AWS Quantum Technologies Blog
Constructing an “end-to-end” quantum algorithm: a comprehensive technical resource for algorithms designers
Today we are introducing Quantum algorithms: A survey of applications and end-to-end complexities [1]. This is a comprehensive resource, designed for quantum computing researchers and customers who are looking to explore how quantum algorithms will apply to their use cases.
The survey provides a detailed technical analysis of the end-to-end quantum resource requirements (the “complexities”) of the most widely studied quantum computing application areas, like chemistry, finance, and machine learning.

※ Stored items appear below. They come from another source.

lemma sum_list_pow2_upt: "a \<le> b \<Longrightarrow> (\<Sum>e\<leftarrow>[a..<b]. (2::nat) ^ e) + 2 ^ a = 2 ^ b"
  by (induction b) (auto simp: le_Suc_eq)

lemma bin_digit_pow2_minus_one: "bin_digit r (2 ^ e - 1) = (if r < e then 1 else 0)"
proof (cases "r < e")
  case True
  then have "(2::nat) ^ e = 2 ^ (e - r) * 2 ^ r" by (simp flip: power_add)
  then have "(2::nat) ^ e - 1 = (2 ^ r - 1) + (2 ^ (e - r) - 1) * 2 ^ r"
    by (simp add: algebra_simps diff_mult_distrib)
  also have "\<dots> div 2 ^ r = 2 ^ (e - r) - 1"
    by (subst div_mult_self1) simp_all
  finally have "((2::nat) ^ e - 1) div 2 ^ r = 2 ^ (e - r) - 1" .
  moreover have "odd ((2::nat) ^ (e - r) - 1)" using True by simp
  then have "((2::nat) ^ (e - r) - 1) mod 2 = 1" by (metis odd_iff_mod_2_eq_one)
  ultimately show ?thesis using True by (simp add: bin_digit_def)
next
  case False
  then have "(2::nat) ^ e \<le> 2 ^ r" by simp
  then have "(2::nat) ^ e - 1 < 2 ^ r" using zero_less_power[of "2::nat" e] by linarith
  with False show ?thesis by (simp add: bin_digit_def)
qed

fun bit_positions :: "nat \<Rightarrow> nat list" where
  "bit_positions x =
    (if x = 0 then [] else (if odd x then [0] else []) @ map Suc (bit_positions (x div 2)))"

declare bit_positions.simps [simp del]

lemma bit_positions_props:
  "(\<Sum>e\<leftarrow>bit_positions x. (2::nat) ^ e) = x
   \<and> length (bit_positions x) = alpha x \<and> sorted_wrt (<) (bit_positions x)"
proof (induction x rule: less_induct)
  case (less x)
  show ?case
  proof (cases "x = 0")
    case True
    then show ?thesis by (simp add: bit_positions.simps)
  next
    case False
    have bp: "bit_positions x = (if odd x then [0] else []) @ map Suc (bit_positions (x div 2))"
      using False by (simp add: bit_positions.simps[of x])
    have "alpha x = x mod 2 + alpha (x div 2)"
      using False by (simp add: alpha.simps[of x])
    moreover have "(\<Sum>e\<leftarrow>map Suc (bit_positions (x div 2)). (2::nat) ^ e) = 2 * (x div 2)"
      using less False sum_list_pow2_shift[of 1 "bit_positions (x div 2)"] by simp
    moreover have "x = 2 * (x div 2) + x mod 2" by simp
    ultimately show ?thesis
      using less False bp by (auto simp: sorted_wrt_append sorted_wrt_map odd_iff_mod_2_eq_one)
  qed
qed

text \<open>The lowest binary digit \<open>2^z\<close> of \<open>2^z q\<close> is split as \<open>2^D + (2^D + \<dots> + 2^(z-1))\<close>.\<close>
lemma pow2_mult_odd_as_sum_pow2:
  assumes "odd q" "D \<le> z"
  obtains A where "(\<Sum>e\<leftarrow>A @ [D]. (2::nat) ^ e) = 2 ^ z * q" "length (A @ [D]) = alpha q + z - D"
    "sorted_wrt (>) A" "\<forall>e\<in>set A. D \<le> e"
proof -
  obtain q' where q': "q = 2 * q' + 1" using \<open>odd q\<close> by (blast elim: oddE)
  define B where "B = bit_positions q'"
  have B: "(\<Sum>e\<leftarrow>B. (2::nat) ^ e) = q'" "length B = alpha q'" "sorted_wrt (<) B"
    using bit_positions_props[of q'] by (simp_all add: B_def)
  define A where "A = rev (map (\<lambda>e. e + (z + 1)) B) @ rev [D..<z]"
  have "(\<Sum>e\<leftarrow>A @ [D]. (2::nat) ^ e)
      = (\<Sum>e\<leftarrow>map (\<lambda>e. e + (z + 1)) B. 2 ^ e) + ((\<Sum>e\<leftarrow>[D..<z]. 2 ^ e) + 2 ^ D)"
    by (simp add: A_def rev_map[symmetric] sum_list_rev)
  also have "\<dots> = 2 ^ (z + 1) * q' + 2 ^ z"
    using sum_list_pow2_shift[of "z + 1" B] sum_list_pow2_upt[OF \<open>D \<le> z\<close>] B(1) by simp
  also have "\<dots> = 2 ^ z * q" using q' by (simp add: algebra_simps)
  finally have "(\<Sum>e\<leftarrow>A @ [D]. (2::nat) ^ e) = 2 ^ z * q" .
  moreover have "length (A @ [D]) = alpha q + z - D"
    using B(2) q' alpha_double_plus[of 1 q'] \<open>D \<le> z\<close> by (simp add: A_def)
  moreover have "sorted_wrt (>) A" "\<forall>e\<in>set A. D \<le> e"
    using B(3) \<open>D \<le> z\<close> by (auto simp: A_def sorted_wrt_append sorted_wrt_rev sorted_wrt_map)
  ultimately show ?thesis using that by blast
qed

subsection \<open>Uniqueness of the spike exponents\<close>

definition spike_shape :: "nat list \<Rightarrow> bool" where
  "spike_shape es \<longleftrightarrow> (\<forall>i. i + 2 < length es \<longrightarrow> es ! i > es ! (i + 1))
      \<and> (2 \<le> length es \<longrightarrow> es ! (length es - 2) \<ge> es ! (length es - 1))"

fun spike_shape_rec :: "nat list \<Rightarrow> bool" where
  "spike_shape_rec [] = True"
| "spike_shape_rec [x] = True"
| "spike_shape_rec [x, y] = (y \<le> x)"
| "spike_shape_rec (x # y # z # r) = (y < x \<and> spike_shape_rec (y # z # r))"

lemma spike_shape_imp_rec: "spike_shape es \<Longrightarrow> spike_shape_rec es"
proof (induction es rule: spike_shape_rec.induct)
  case (4 x y z r)
  have "y < x"
    using "4.prems"[unfolded spike_shape_def, THEN conjunct1, rule_format, of 0] by simp
  moreover have "spike_shape (y # z # r)"
    unfolding spike_shape_def
  proof (intro conjI allI impI)
    fix i assume "i + 2 < length (y # z # r)"
    then show "(y # z # r) ! i > (y # z # r) ! (i + 1)"
      using "4.prems" unfolding spike_shape_def by (metis add_Suc length_Cons nth_Cons_Suc Suc_less_eq)
  next
    show "(y # z # r) ! (length (y # z # r) - 2) \<ge> (y # z # r) ! (length (y # z # r) - 1)"
      using "4.prems" unfolding spike_shape_def by (simp add: nth_Cons')
  qed
  ultimately show ?case using "4.IH" by simp
qed (simp_all add: spike_shape_def)

lemma spike_shape_snoc:
  assumes "sorted_wrt (>) A" "\<forall>a\<in>set A. y \<le> a"
  shows "spike_shape (A @ [y])"
  unfolding spike_shape_def
proof (intro conjI allI impI)
  fix i assume "i + 2 < length (A @ [y])"
  then show "(A @ [y]) ! i > (A @ [y]) ! (i + 1)"
    using sorted_wrt_nth_less[OF assms(1), of i "i + 1"] by (simp add: nth_append)
next
  assume "2 \<le> length (A @ [y])"
  then have "A ! (length A - 1) \<in> set A" by simp
  with assms(2) show "(A @ [y]) ! (length (A @ [y]) - 2) \<ge> (A @ [y]) ! (length (A @ [y]) - 1)"
    by (simp add: nth_append)
qed

lemma spike_shape_rec_Cons: "spike_shape_rec (x # t) \<Longrightarrow> spike_shape_rec t"
  by (cases t rule: spike_shape_rec.cases) auto

lemma sum_list_pow2_le_if_spike_shape_rec:
  "spike_shape_rec (x # t) \<Longrightarrow> (\<Sum>e\<leftarrow>x # t. (2::nat) ^ e) \<le> 2 ^ Suc x"
proof (induction t arbitrary: x)
  case (Cons y r)
  show ?case
  proof (cases r)
    case Nil
    with Cons.prems show ?thesis by simp
  next
    case (Cons z r')
    with Cons.prems have "y < x" "spike_shape_rec (y # r)" by auto
    then have "(\<Sum>e\<leftarrow>y # r. (2::nat) ^ e) \<le> 2 ^ Suc y" "(2::nat) ^ Suc y \<le> 2 ^ x"
      using Cons.IH by (simp_all del: power_Suc)
    then show ?thesis by simp
  qed
qed simp

text \<open>A larger head exponent already outweighs the whole other sum, so equal sums of
  equally many powers force equal heads.\<close>
lemma spike_shape_rec_head_eq:
  assumes "spike_shape_rec (h # t)" "spike_shape_rec (g # s)" "length t = length s"
    and "(\<Sum>e\<leftarrow>h # t. (2::nat) ^ e) = (\<Sum>e\<leftarrow>g # s. 2 ^ e)"
  shows "h = g"
proof -
  have no_less: False
    if "spike_shape_rec (h # t)" "spike_shape_rec (g # s)" "length t = length s"
      "(\<Sum>e\<leftarrow>h # t. (2::nat) ^ e) = (\<Sum>e\<leftarrow>g # s. 2 ^ e)" "g < h" for h t g s
  proof -
    have "(\<Sum>e\<leftarrow>g # s. (2::nat) ^ e) \<le> 2 ^ Suc g"
      using sum_list_pow2_le_if_spike_shape_rec that(2) .
    also have "(2::nat) ^ Suc g \<le> 2 ^ h" using \<open>g < h\<close> by (simp del: power_Suc)
    moreover have "2 ^ h + (\<Sum>e\<leftarrow>t. 2 ^ e) = (\<Sum>e\<leftarrow>g # s. (2::nat) ^ e)"
      using that(4) by simp
    ultimately have "(\<Sum>e\<leftarrow>t. (2::nat) ^ e) = 0" by linarith
    then have "t = []" "s = []" using that(3) by auto
    with that(4,5) show False by simp
  qed
  show ?thesis
    using no_less[of h t g s] no_less[of g s h t] assms by (metis linorder_neqE_nat)
qed

lemma spike_shape_rec_unique:
  "spike_shape_rec xs \<Longrightarrow> spike_shape_rec ys \<Longrightarrow> length xs = length ys
   \<Longrightarrow> (\<Sum>e\<leftarrow>xs. (2::nat) ^ e) = (\<Sum>e\<leftarrow>ys. 2 ^ e) \<Longrightarrow> xs = ys"
proof (induction xs arbitrary: ys)
  case (Cons h t)
  then obtain g s where ys: "ys = g # s" by (cases ys) auto
  with Cons.prems have "h = g" by (intro spike_shape_rec_head_eq[of h t g s]) auto
  with Cons ys spike_shape_rec_Cons show ?case by auto
qed simp

lemma spike_exps_eq_The:
  "spike_exps n = (THE es. spike_shape es \<and> length es = mu n \<and> (\<forall>e\<in>set es. e > 0)
                         \<and> (\<Sum>e\<leftarrow>es. 2 ^ e - 1) = n)"
  unfolding spike_exps_def spike_shape_def by (simp only: conj_ac)

lemma spike_exps_eqI:
  assumes "spike_shape es" "length es = mu n" "\<forall>e\<in>set es. e > 0" "(\<Sum>e\<leftarrow>es. 2 ^ e - 1) = n"
  shows "spike_exps n = es"
  unfolding spike_exps_eq_The
proof (rule the_equality)
  fix fs assume fs: "spike_shape fs \<and> length fs = mu n \<and> (\<forall>e\<in>set fs. e > 0)
                    \<and> (\<Sum>e\<leftarrow>fs. 2 ^ e - 1) = n"
  then have "(\<Sum>e\<leftarrow>fs. (2::nat) ^ e) = (\<Sum>e\<leftarrow>es. 2 ^ e)"
    using sum_list_pow2_minus_one[of fs] sum_list_pow2_minus_one[of es] assms(2,4) by simp
  with fs assms(1,2) show "fs = es"
    by (intro spike_shape_rec_unique spike_shape_imp_rec) simp_all
qed (use assms in blast)

subsection \<open>The minimal spike of degree \<open>m (2^d - 1)\<close>\<close>

lemma length_ge_if_sum_pow2_minus_one_eq:
  assumes "m \<ge> 1" "int d > delta m" "(\<Sum>u\<leftarrow>us. 2 ^ u - 1) = m * (2 ^ d - 1)"
  shows "m \<le> length us"
proof (rule ccontr)
  define y where "y = length us"
  assume "\<not> m \<le> length us"
  then have "y < m" by (simp add: y_def)
  obtain j q where q: "odd q" "m = 2 ^ j * q"
    using pow2_mult_odd_decomp[of m] assms(1) by (metis Suc_le_eq One_nat_def)
  have m2d: "m * 2 ^ d = 2 ^ (j + d) * q" using q by (simp add: power_add)
  have "m * (2 ^ d - 1) + m = m * 2 ^ d" by (simp add: diff_mult_distrib2)
  then have "(\<Sum>u\<leftarrow>us. (2::nat) ^ u) = m * 2 ^ d - (m - y)"
    using sum_list_pow2_minus_one[of us] assms(3) \<open>y < m\<close> by (simp add: y_def)
  then have "alpha (m * 2 ^ d - (m - y)) \<le> y"
    using alpha_sum_list_pow2_le[of us] by (simp add: y_def)
  moreover have "m \<le> m * 2 ^ d" by simp
  moreover have "alpha (m * 2 ^ d) + zeta (m * 2 ^ d) \<le> alpha (m * 2 ^ d - (m - y)) + (m - y)"
    using \<open>y < m\<close> \<open>m \<le> m * 2 ^ d\<close> by (intro alpha_diff_ge) linarith+
  moreover have "alpha (m * 2 ^ d) = alpha m" by (metis m2d q(2) alpha_pow2_mult)
  moreover have "zeta (m * 2 ^ d) = j + d" "zeta m = j"
    by (metis m2d q(1) zeta_pow2_mult_odd) (metis q zeta_pow2_mult_odd)
  ultimately show False using assms(2) \<open>y < m\<close> by (simp add: delta_def)
qed

lemma spike_exps_mult_mersenne:
  assumes "m \<ge> 1" "int d > delta m"
  obtains A where "spike_exps (m * (2 ^ d - 1)) = A @ [nat (int d - delta m)]"
    "length A = m - 1" "\<forall>e\<in>set A. nat (int d - delta m) \<le> e"
proof -
  define D where "D = nat (int d - delta m)"
  define n where "n = m * (2 ^ d - 1)"
  obtain j q where q: "odd q" "m = 2 ^ j * q"
    using pow2_mult_odd_decomp[of m] assms(1) by (metis Suc_le_eq One_nat_def)
  have am: "alpha m = alpha q" "zeta m = j"
    using q by (simp_all add: alpha_pow2_mult zeta_pow2_mult_odd)
  have D: "1 \<le> D" "D \<le> j + d" "alpha q + (j + d) - D = m"
    using assms(2) alpha_le[of m] am by (auto simp: D_def delta_def)
  obtain A where A: "(\<Sum>e\<leftarrow>A @ [D]. (2::nat) ^ e) = 2 ^ (j + d) * q"
    "length (A @ [D]) = alpha q + (j + d) - D" "sorted_wrt (>) A" "\<forall>e\<in>set A. D \<le> e"
    using pow2_mult_odd_as_sum_pow2[OF q(1) D(2)] by blast
  have len: "length (A @ [D]) = m" using A(2) D(3) by simp
  have "n + m = 2 ^ (j + d) * q"
    using q by (simp add: n_def diff_mult_distrib2 power_add)
  then have sum: "(\<Sum>e\<leftarrow>A @ [D]. 2 ^ e - 1) = n"
    using sum_list_pow2_minus_one[of "A @ [D]"] A(1) len by simp
  have pos: "\<forall>e\<in>set (A @ [D]). e > 0" using A(4) D(1) by auto
  have "mu n = m"
    unfolding mu_def
  proof (rule Least_equality)
    show "\<exists>us. length us = m \<and> (\<forall>u\<in>set us. 0 < u) \<and> (\<Sum>u\<leftarrow>us. 2 ^ u - 1) = n"
      using len pos sum by blast
  qed (use length_ge_if_sum_pow2_minus_one_eq[OF assms] n_def in blast)
  then have "spike_exps n = A @ [D]"
    using spike_exps_eqI spike_shape_snoc[OF A(3,4)] len pos sum by simp
  with that A(4) len show ?thesis by (simp add: D_def n_def)
qed

lemma omega_pow2_minus_one_snoc:
  assumes "\<forall>e\<in>set A. D \<le> e"
  shows "1 \<le> i \<Longrightarrow> i \<le> D \<Longrightarrow> omega i (map (\<lambda>e. 2 ^ e - 1) (A @ [D])) = length A + 1"
    and "D < i \<Longrightarrow> omega i (map (\<lambda>e. 2 ^ e - 1) (A @ [D])) \<le> length A"
proof -
  have omega: "omega i (map (\<lambda>e. 2 ^ e - 1) (A @ [D]))
      = (\<Sum>e\<leftarrow>A. if i - 1 < e then 1 else 0) + (if i - 1 < D then 1 else 0)"
    unfolding omega_def map_map o_def bin_digit_pow2_minus_one by simp
  have ones: "(\<Sum>e\<leftarrow>A. 1::nat) = length A" using sum_list_triv[of "1::nat" A] by simp
  show "omega i (map (\<lambda>e. 2 ^ e - 1) (A @ [D])) = length A + 1" if "1 \<le> i" "i \<le> D"
  proof -
    have "(\<Sum>e\<leftarrow>A. if i - 1 < e then 1 else 0) = (\<Sum>e\<leftarrow>A. 1::nat)"
      using assms that by (intro arg_cong[where f = sum_list] map_cong) auto
    with ones that show ?thesis unfolding omega by simp
  qed
  show "omega i (map (\<lambda>e. 2 ^ e - 1) (A @ [D])) \<le> length A" if "D < i"
  proof -
    have "\<not> i - 1 < D" using that by linarith
    then show ?thesis
      using sum_list_mono[of A "\<lambda>e. if i - 1 < e then 1 else 0" "\<lambda>_. 1::nat"] ones
      unfolding omega by simp
  qed
qed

The primary focus of the survey is quantum algorithms with the greatest potential to generate customer value in the long term, once fault-tolerant quantum computers are available – however, it also comments on the most relevant near-term noisy intermediate-scale quantum (NISQ) algorithms, where appropriate.
Background
The ultimate goal of research into quantum computing is to build a quantum computer that is powerful enough to surpass classical computers at useful computational tasks. But how much power is “enough” – and how can you quantify computational power?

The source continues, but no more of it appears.